Il 2008 inizia così, con una bella spruzzata di neve sulla periferia di Settimo Torinese (come in molti altri luoghi del centro nord). Ovviamente la foppa di cui sopra non ha alcuna velleità artistica (ci mancherebbe): sono due scatti fatti in fretta e furia mentre la caffettiera era sul fuoco. Mi bastavano per ricordare questo risveglio.
La neve ha sempre avuto il compito ingrato di mascherare gli errori e le brutture dell'uomo. Ma non è nevicato abbastanza, a Settimo, questa notte. Camminando verso l'auto parcheggiata per strada, i miei passi scoprivano l'asfalto coperto da uno strato troppo sottile di neve, mostrando il bitume bagnato, scabroso e grigio.
Non mi interessa né intendo scrivere uno bilancio dell'anno passato. Dio me ne scampi. Ci sono stati eventi personali troppo belli e importanti per stilare una banale lista a mo' di servizio di fine anno della CNN.
Tuttavia, la neve che per poche ore ricopre le strade le case le auto in sosta, e si spazza via con la suola delle scarpe, continua a tornarmi in mente. Sta diventando una piccola ossessione.
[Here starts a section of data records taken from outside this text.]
(* Let $\phi:[0,1]\to[0,1]$ be a nondecreasing continuous function such that $\phi(x)>x$ for all $x\in(0,1)$, and let $V_\phi$ be the operator on $L_2[0,1]$ given by $(V_\phi f)(x)=\int_0^{\phi(x)}f(t)\,dt$. Then $V_\phi$ has no negative real eigenvalues, i.e. $\sigma_p(V_\phi)\cap(-\infty,0)=\emptyset$.
   Context: $\sigma_p(V_\phi)$ denotes the point spectrum of $V_\phi$. *)

theory Defs
  imports "HOL-Analysis.Analysis"
begin

definition L2_01 :: "(real \<Rightarrow> complex) set" where
  "L2_01 = {f. set_borel_measurable lborel {0..1} f \<and>
               set_integrable lborel {0..1} (\<lambda>x. (norm (f x))^2)}"

definition V_op :: "(real \<Rightarrow> real) \<Rightarrow> (real \<Rightarrow> complex) \<Rightarrow> real \<Rightarrow> complex" where
  "V_op \<phi> f x = (LINT t:{0..\<phi> x}|lborel. f t)"

definition point_spectrum :: "(real \<Rightarrow> real) \<Rightarrow> complex set" where
  "point_spectrum \<phi> = {\<mu>. \<exists>f \<in> L2_01.
      \<not> (AE x in lborel. x \<in> {0..1} \<longrightarrow> f x = 0) \<and>
      (AE x in lborel. x \<in> {0..1} \<longrightarrow> V_op \<phi> f x = \<mu> * f x)}"

end

theory Submission
  imports Defs
begin

text \<open>
  If \<open>V\<^sub>\<phi> f = r f\<close> with \<open>r < 0\<close>, then \<open>f\<close> agrees a.e. with the continuous function
  \<open>F \<circ> \<phi> / r\<close>, where \<open>F\<close> is the indefinite integral of \<open>f\<close>. Hence \<open>F\<close> solves the advanced
  differential equation \<open>F' = -c (F \<circ> \<phi>)\<close>, \<open>c = -1/r > 0\<close>, with \<open>F(0) = 0\<close>, and it suffices to
  show that such a solution vanishes; taking real and imaginary parts, we may assume it real.
  A real solution \<open>R\<close> cannot have \<open>R(1) > 0\<close>: beyond the last point where \<open>R \<le> 0\<close> it would be
  positive, hence decreasing because \<open>\<phi>(x) > x\<close>; symmetrically \<open>R(1) \<ge> 0\<close>. Once \<open>R(1) = 0\<close>,
  the equation only looks ahead, \<open>R(x) = c \<integral>\<^sub>x\<^sup>1 R(\<phi>(t)) dt\<close>, so the weighted norm
  \<open>W = max |R(y)| exp(2cy)\<close> satisfies \<open>|R(x)| \<le> c W \<integral>\<^sub>x\<^sup>1 exp(-2ct) dt \<le> (W/2) exp(-2cx)\<close>,
  i.e. \<open>W \<le> W/2\<close>, and \<open>R = 0\<close>.
\<close>

lemma advanced_ode_end_nonpos:
  fixes R \<phi> :: "real \<Rightarrow> real" and c :: real
  assumes c: "c > 0"
    and \<phi>: "\<And>x. 0 < x \<Longrightarrow> x < 1 \<Longrightarrow> x < \<phi> x \<and> \<phi> x \<le> 1"
    and cont: "continuous_on {0..1} R"
    and R0: "R 0 = 0"
    and der: "\<And>x. 0 < x \<Longrightarrow> x < 1 \<Longrightarrow> (R has_real_derivative - c * R (\<phi> x)) (at x)"
  shows "R 1 \<le> 0"
proof (rule ccontr)
  assume R1: "\<not> R 1 \<le> 0"
  define Z where "Z = {x \<in> {0..1}. R x \<le> 0}"
  have "compact Z"
    unfolding compact_eq_bounded_closed
  proof
    show "bounded Z"
      by (rule bounded_subset[OF bounded_closed_interval]) (auto simp: Z_def)
    show "closed Z"
      unfolding Z_def by (intro continuous_on_closed_Collect_le cont continuous_on_const closed_atLeastAtMost)
  qed
  moreover have "0 \<in> Z"
    using R0 unfolding Z_def by simp
  ultimately obtain x0 where x0: "x0 \<in> Z" and x0_max: "\<And>y. y \<in> Z \<Longrightarrow> y \<le> x0"
    using compact_attains_sup by (metis empty_iff)
  have x0_01: "0 \<le> x0" "x0 < 1"
    using x0 R1 unfolding Z_def by (auto simp: less_le)
  have R_pos: "R y > 0" if "x0 < y" "y \<le> 1" for y
    using x0_max[of y] that x0_01 unfolding Z_def by force
  have "R 1 \<le> R x0"
  proof (rule DERIV_nonpos_imp_decreasing_open[of x0 1 R])
    show "continuous_on {x0..1} R"
      using cont x0_01 by (auto intro: continuous_on_subset)
    fix x assume x: "x0 < x" "x < 1"
    have "R (\<phi> x) > 0"
      using R_pos \<phi>[of x] x x0_01 by auto
    then show "\<exists>y. (R has_real_derivative y) (at x) \<and> y \<le> 0"
      using der[of x] x x0_01 c by (intro exI[of _ "- c * R (\<phi> x)"]) auto
  qed (use x0_01 in simp)
  with x0 R1 show False
    unfolding Z_def by simp
qed

lemma advanced_ode_weighted_bound:
  fixes R \<phi> :: "real \<Rightarrow> real" and c W x :: real
  assumes c: "c > 0"
    and \<phi>: "\<And>x. 0 < x \<Longrightarrow> x < 1 \<Longrightarrow> x < \<phi> x \<and> \<phi> x \<le> 1"
    and cont: "continuous_on {0..1} R"
    and R1: "R 1 = 0"
    and der: "\<And>x. 0 < x \<Longrightarrow> x < 1 \<Longrightarrow> (R has_real_derivative - c * R (\<phi> x)) (at x)"
    and W: "\<And>y. y \<in> {0..1} \<Longrightarrow> \<bar>R y\<bar> * exp (2 * c * y) \<le> W"
    and x: "x \<in> {0..1}"
  shows "R x \<le> W / 2 * exp (- 2 * c * x)"
proof -
  have W_nonneg: "W \<ge> 0"
    using W[of 0] by (smt (verit) abs_ge_zero atLeastAtMost_iff exp_gt_zero mult_nonneg_nonneg)
  define D where "D t = W / 2 * (exp (- 2 * c * t) - exp (- 2 * c)) - R t" for t
  have D_deriv_nonpos: "\<exists>y. (D has_real_derivative y) (at t) \<and> y \<le> 0" if t: "x < t" "t < 1" for t
  proof -
    have "(D has_real_derivative - c * W * exp (- 2 * c * t) + c * R (\<phi> t)) (at t)"
      unfolding D_def using t x der[of t]
      by (auto intro!: derivative_eq_intros simp: algebra_simps)
    moreover have "R (\<phi> t) \<le> W * exp (- 2 * c * t)"
    proof -
      have \<phi>t: "t < \<phi> t" "\<phi> t \<le> 1"
        using \<phi>[of t] t x by auto
      have "R (\<phi> t) * exp (2 * c * \<phi> t) \<le> W"
        using W[of "\<phi> t"] \<phi>t t x
        by (smt (verit) atLeastAtMost_iff abs_ge_self exp_gt_zero mult_right_mono)
      then have "R (\<phi> t) \<le> W * exp (- 2 * c * \<phi> t)"
        by (simp add: exp_minus field_simps)
      also have "\<dots> \<le> W * exp (- 2 * c * t)"
        using \<phi>t c W_nonneg by (intro mult_left_mono) auto
      finally show ?thesis .
    qed
    ultimately show ?thesis
      using c by (intro exI) (auto simp: algebra_simps)
  qed
  have "continuous_on {x..1} D"
    unfolding D_def using x by (intro continuous_intros continuous_on_subset[OF cont]) auto
  then have "D 1 \<le> D x"
    using x D_deriv_nonpos DERIV_nonpos_imp_decreasing_open[of x 1 D] by auto
  then have "R x \<le> W / 2 * (exp (- 2 * c * x) - exp (- 2 * c))"
    unfolding D_def using R1 by simp
  also have "\<dots> \<le> W / 2 * exp (- 2 * c * x)"
    using W_nonneg by (simp add: mult_left_mono)
  finally show ?thesis .
qed

lemma advanced_ode_vanishes:
  fixes R \<phi> :: "real \<Rightarrow> real" and c x :: real
  assumes c: "c > 0"
    and \<phi>: "\<And>x. 0 < x \<Longrightarrow> x < 1 \<Longrightarrow> x < \<phi> x \<and> \<phi> x \<le> 1"
    and cont: "continuous_on {0..1} R"
    and R0: "R 0 = 0"
    and der: "\<And>x. 0 < x \<Longrightarrow> x < 1 \<Longrightarrow> (R has_real_derivative - c * R (\<phi> x)) (at x)"
    and x: "x \<in> {0..1}"
  shows "R x = 0"
proof -
  have cont_neg: "continuous_on {0..1} (\<lambda>x. - R x)"
    using cont by (intro continuous_intros)
  have der_neg: "((\<lambda>x. - R x) has_real_derivative - c * - R (\<phi> x)) (at x)" if "0 < x" "x < 1" for x
    using der[OF that] by (auto intro!: derivative_eq_intros)
  have "R 1 \<le> 0" "- R 1 \<le> 0"
    using advanced_ode_end_nonpos[OF c \<phi> cont R0 der]
      advanced_ode_end_nonpos[OF c \<phi> cont_neg _ der_neg] R0 by auto
  then have R1: "R 1 = 0"
    by simp
  have "continuous_on {0..1} (\<lambda>y. \<bar>R y\<bar> * exp (2 * c * y))"
    using cont by (intro continuous_intros)
  moreover have "{0..1::real} \<noteq> {}"
    by simp
  ultimately obtain x1 where x1: "x1 \<in> {0..1}"
    and x1_max: "\<forall>y\<in>{0..1}. \<bar>R y\<bar> * exp (2 * c * y) \<le> \<bar>R x1\<bar> * exp (2 * c * x1)"
    using continuous_attains_sup[OF compact_Icc] by blast
  define W where "W = \<bar>R x1\<bar> * exp (2 * c * x1)"
  have W: "\<bar>R y\<bar> * exp (2 * c * y) \<le> W" and W_neg: "\<bar>- R y\<bar> * exp (2 * c * y) \<le> W"
    if "y \<in> {0..1}" for y
    using x1_max that by (simp_all add: W_def)
  have "R x1 \<le> W / 2 * exp (- 2 * c * x1)"
    by (rule advanced_ode_weighted_bound[OF c \<phi> cont R1 der W x1])
  moreover have "- R x1 \<le> W / 2 * exp (- 2 * c * x1)"
    by (rule advanced_ode_weighted_bound[OF c \<phi> cont_neg _ der_neg W_neg x1]) (simp_all add: R1)
  ultimately have "\<bar>R x1\<bar> \<le> W / 2 * exp (- 2 * c * x1)"
    by linarith
  then have "W \<le> W / 2 * exp (- 2 * c * x1) * exp (2 * c * x1)"
    by (subst (1) W_def) (intro mult_right_mono, auto)
  also have "\<dots> = W / 2"
    by (simp flip: exp_add)
  finally have "W \<le> 0"
    by simp
  then have "\<bar>R x\<bar> * exp (2 * c * x) \<le> 0"
    using W[OF x] by linarith
  then show "R x = 0"
    by (simp add: mult_le_0_iff)
qed

lemma advanced_ode_vanishes_complex:
  fixes G :: "real \<Rightarrow> complex" and \<phi> :: "real \<Rightarrow> real" and c x :: real
  assumes c: "c > 0"
    and \<phi>: "\<And>x. 0 < x \<Longrightarrow> x < 1 \<Longrightarrow> x < \<phi> x \<and> \<phi> x \<le> 1"
    and cont: "continuous_on {0..1} G"
    and G0: "G 0 = 0"
    and der: "\<And>x. 0 < x \<Longrightarrow> x < 1 \<Longrightarrow> (G has_vector_derivative - c *\<^sub>R G (\<phi> x)) (at x)"
    and x: "x \<in> {0..1}"
  shows "G x = 0"
proof -
  have "Re (G x) = 0"
  proof (rule advanced_ode_vanishes[OF c \<phi> _ _ _ x])
    show "continuous_on {0..1} (\<lambda>x. Re (G x))"
      using cont by (intro continuous_intros)
    fix t :: real assume "0 < t" "t < 1"
    from bounded_linear.has_vector_derivative[OF bounded_linear_Re der[OF this]]
    show "((\<lambda>x. Re (G x)) has_real_derivative - c * Re (G (\<phi> t))) (at t)"
      by (simp add: has_real_derivative_iff_has_vector_derivative)
  next
    show "Re (G 0) = 0"
      using G0 by simp
  qed
  moreover have "Im (G x) = 0"
  proof (rule advanced_ode_vanishes[OF c \<phi> _ _ _ x])
    show "continuous_on {0..1} (\<lambda>x. Im (G x))"
      using cont by (intro continuous_intros)
    fix t :: real assume "0 < t" "t < 1"
    from bounded_linear.has_vector_derivative[OF bounded_linear_Im der[OF this]]
    show "((\<lambda>x. Im (G x)) has_real_derivative - c * Im (G (\<phi> t))) (at t)"
      by (simp add: has_real_derivative_iff_has_vector_derivative)
  next
    show "Im (G 0) = 0"
      using G0 by simp
  qed
  ultimately show ?thesis
    by (simp add: complex_eq_iff)
qed

lemma L2_01_set_integrable:
  assumes "f \<in> L2_01"
  shows "set_integrable lborel {0..1} f"
proof (rule set_integrable_bound)
  show "set_borel_measurable lborel {0..1} f"
    using assms by (simp add: L2_01_def)
  have "set_integrable lborel {0..1::real} (\<lambda>x. 1::real)"
    by (rule borel_integrable_atLeastAtMost') (rule continuous_on_const)
  then show "set_integrable lborel {0..1} (\<lambda>x. 1 + (norm (f x))\<^sup>2)"
    using assms unfolding L2_01_def set_integrable_def scaleR_add_right
    by (intro Bochner_Integration.integrable_add) auto
  have "t \<le> 1 + t\<^sup>2" for t :: real
    using zero_le_power2[of "t - 1/2"] by (simp add: power2_eq_square algebra_simps)
  then show "AE x in lborel. x \<in> {0..1} \<longrightarrow> norm (f x) \<le> norm (1 + (norm (f x))\<^sup>2)"
    by (intro AE_I2) simp
qed

lemma integral_cong_AE_on:
  fixes f g :: "'a::euclidean_space \<Rightarrow> 'b::euclidean_space"
  assumes f: "set_integrable lborel S f" and g: "set_integrable lborel S g"
    and eq: "AE x in lborel. x \<in> S \<longrightarrow> f x = g x"
    and T: "T \<in> sets lborel" "T \<subseteq> S"
  shows "integral T f = integral T g"
proof -
  have fT: "set_integrable lborel T f" and gT: "set_integrable lborel T g"
    using set_integrable_subset[OF f T] set_integrable_subset[OF g T] .
  have "(LINT x:T|lborel. f x) = (LINT x:T|lborel. g x)"
    unfolding set_lebesgue_integral_def
  proof (rule integral_cong_AE)
    show "(\<lambda>x. indicator T x *\<^sub>R f x) \<in> borel_measurable lborel"
      "(\<lambda>x. indicator T x *\<^sub>R g x) \<in> borel_measurable lborel"
      using fT gT unfolding set_integrable_def by auto
    show "AE x in lborel. indicator T x *\<^sub>R f x = indicator T x *\<^sub>R g x"
      using eq by eventually_elim (use T in \<open>auto split: split_indicator\<close>)
  qed
  then show ?thesis
    by (simp add: set_borel_integral_eq_integral(2)[OF fT] set_borel_integral_eq_integral(2)[OF gT])
qed

lemma negative_eigenfunction_eq_0:
  fixes \<phi> :: "real \<Rightarrow> real" and f :: "real \<Rightarrow> complex" and r :: real
  assumes \<phi>_01: "\<And>x. x \<in> {0..1} \<Longrightarrow> \<phi> x \<in> {0..1}"
    and \<phi>_cont: "continuous_on {0..1} \<phi>"
    and \<phi>_adv: "\<And>x. 0 < x \<Longrightarrow> x < 1 \<Longrightarrow> x < \<phi> x"
    and f: "f \<in> L2_01" and r: "r < 0"
    and eigen: "AE x in lborel. x \<in> {0..1} \<longrightarrow> V_op \<phi> f x = of_real r * f x"
  shows "AE x in lborel. x \<in> {0..1} \<longrightarrow> f x = 0"
proof -
  have f_int: "set_integrable lborel {0..1} f"
    using f by (rule L2_01_set_integrable)
  define F where "F y = integral {0..y} f" for y
  have V_F: "V_op \<phi> f x = F (\<phi> x)" if "x \<in> {0..1}" for x
    using set_borel_integral_eq_integral(2)[OF set_integrable_subset[OF f_int]] \<phi>_01[OF that]
    unfolding V_op_def F_def by auto
  have "continuous_on {0..1} F"
    unfolding F_def using set_borel_integral_eq_integral(1)[OF f_int]
    by (rule indefinite_integral_continuous_1)
  then have "continuous_on {0..1} (\<lambda>x. F (\<phi> x))"
    using \<phi>_01 by (intro continuous_on_compose2[OF _ \<phi>_cont]) auto
  define g where "g x = F (\<phi> x) / of_real r" for x
  have g_cont: "continuous_on {0..1} g"
    unfolding g_def using \<open>continuous_on {0..1} (\<lambda>x. F (\<phi> x))\<close> r
    by (intro continuous_intros) auto
  have f_eq_g: "AE x in lborel. x \<in> {0..1} \<longrightarrow> f x = g x"
    using eigen by eventually_elim (use r in \<open>auto simp: V_F g_def field_simps\<close>)
  define G where "G y = integral {0..y} g" for y
  have F_eq_G: "F y = G y" if "y \<in> {0..1}" for y
    unfolding F_def G_def
    using f_int borel_integrable_atLeastAtMost'[OF g_cont] f_eq_g that
    by (intro integral_cong_AE_on) auto
  define c where "c = - 1 / r"
  have "G y = 0" if "y \<in> {0..1}" for y
  proof (rule advanced_ode_vanishes_complex[OF _ _ _ _ _ that])
    show "c > 0"
      using r by (simp add: c_def)
    show "continuous_on {0..1} G"
      unfolding G_def using integrable_continuous_real[OF g_cont]
      by (rule indefinite_integral_continuous_1)
    show "G 0 = 0"
      by (simp add: G_def)
    fix x :: real assume x: "0 < x" "x < 1"
    show "x < \<phi> x \<and> \<phi> x \<le> 1"
      using \<phi>_adv[OF x] \<phi>_01[of x] x by auto
    have "g x = - c *\<^sub>R G (\<phi> x)"
      using F_eq_G[OF \<phi>_01[of x]] x r
      by (simp add: g_def c_def scaleR_conv_of_real field_simps)
    then show "(G has_vector_derivative - c *\<^sub>R G (\<phi> x)) (at x)"
      using integral_has_vector_derivative[OF g_cont, of x] x
      by (simp add: G_def[abs_def] at_within_Icc_at)
  qed
  then have "g x = 0" if "x \<in> {0..1}" for x
    using F_eq_G \<phi>_01[OF that] by (simp add: g_def)
  then show ?thesis
    using f_eq_g by auto
qed

theorem proposition4p1:
  fixes \<phi> :: "real \<Rightarrow> real"
  assumes "\<forall>x\<in>{0..1}. \<phi> x \<in> {0..1}"
    and "mono_on {0..1} \<phi>"
    and "continuous_on {0..1} \<phi>"
    and "\<forall>x\<in>{0<..<1}. \<phi> x > x"
  shows "point_spectrum \<phi> \<inter> {complex_of_real r | r. r < 0} = {}"
proof -
  have "AE x in lborel. x \<in> {0..1} \<longrightarrow> f x = 0"
    if "r < 0" "f \<in> L2_01" "AE x in lborel. x \<in> {0..1} \<longrightarrow> V_op \<phi> f x = of_real r * f x"
    for r f
    using negative_eigenfunction_eq_0[OF _ assms(3) _ that(2,1,3)] assms(1,4) by auto
  then show ?thesis
    unfolding point_spectrum_def by blast
qed

end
Molti aspetti della mia vita di migrante possono essere riassunti e descritti con la metafora della neve sottile. Ho dovuto rassegnarmi di fronte all'evidenza di una rete sociale di amicizie che va via via riducendosi per dimensione, portata e affidabilità, come se le maglie diventassero progressivamente più larghe perché alcuni nodi stano cedendo o si sono già rotti. Così, un'amara solitudine di fondo ha preso il posto delle belle parole del passato.
Penso di avere, in alcuni momenti, mitizzato e idealizzato la mia provenienza: la città dove sono nato e vissuto, le persone che ancora sono là perché vi sono tornate o non si sono mai mosse. Ho a lungo sperato che tutto ciò per cui ho speso impegno e energia - principalmente mantenere in vita amicizie geograficamente remote - avrebbe dato, un giorno, i suoi frutti. Già: come il grano sotto la neve. Avevo la speranza che, una volta disciolta la neve, il grano uscisse dalla terra e portasse frutto, e con il frutto il pane. Invece, spostando di poco la neve, non è sempre terra fertile quella che si vede, ma asfalto e cemento. Duro, grigio, senza vita.
La neve fa quello che può, e rende tutte le cose uguali per forma e per colore: coperta di bianco, la mia vecchia auto non è così dissimile dalla Lexus parcheggiata accanto; le strade della periferia dove vivo sono bianche come quelle del centro. E' già pomeriggio, e continua a scendere, lenta e silenziosa. È tutto bello, qui intorno, finché non si scioglie.
La vita, la vera vita senza speranze ingenue, inizia quando il sole o i passi portano via lo strato sottile della neve di gennaio, e scoprono le cose per quello che sono. Asfalto, rifiuti, e qualche erbaccia.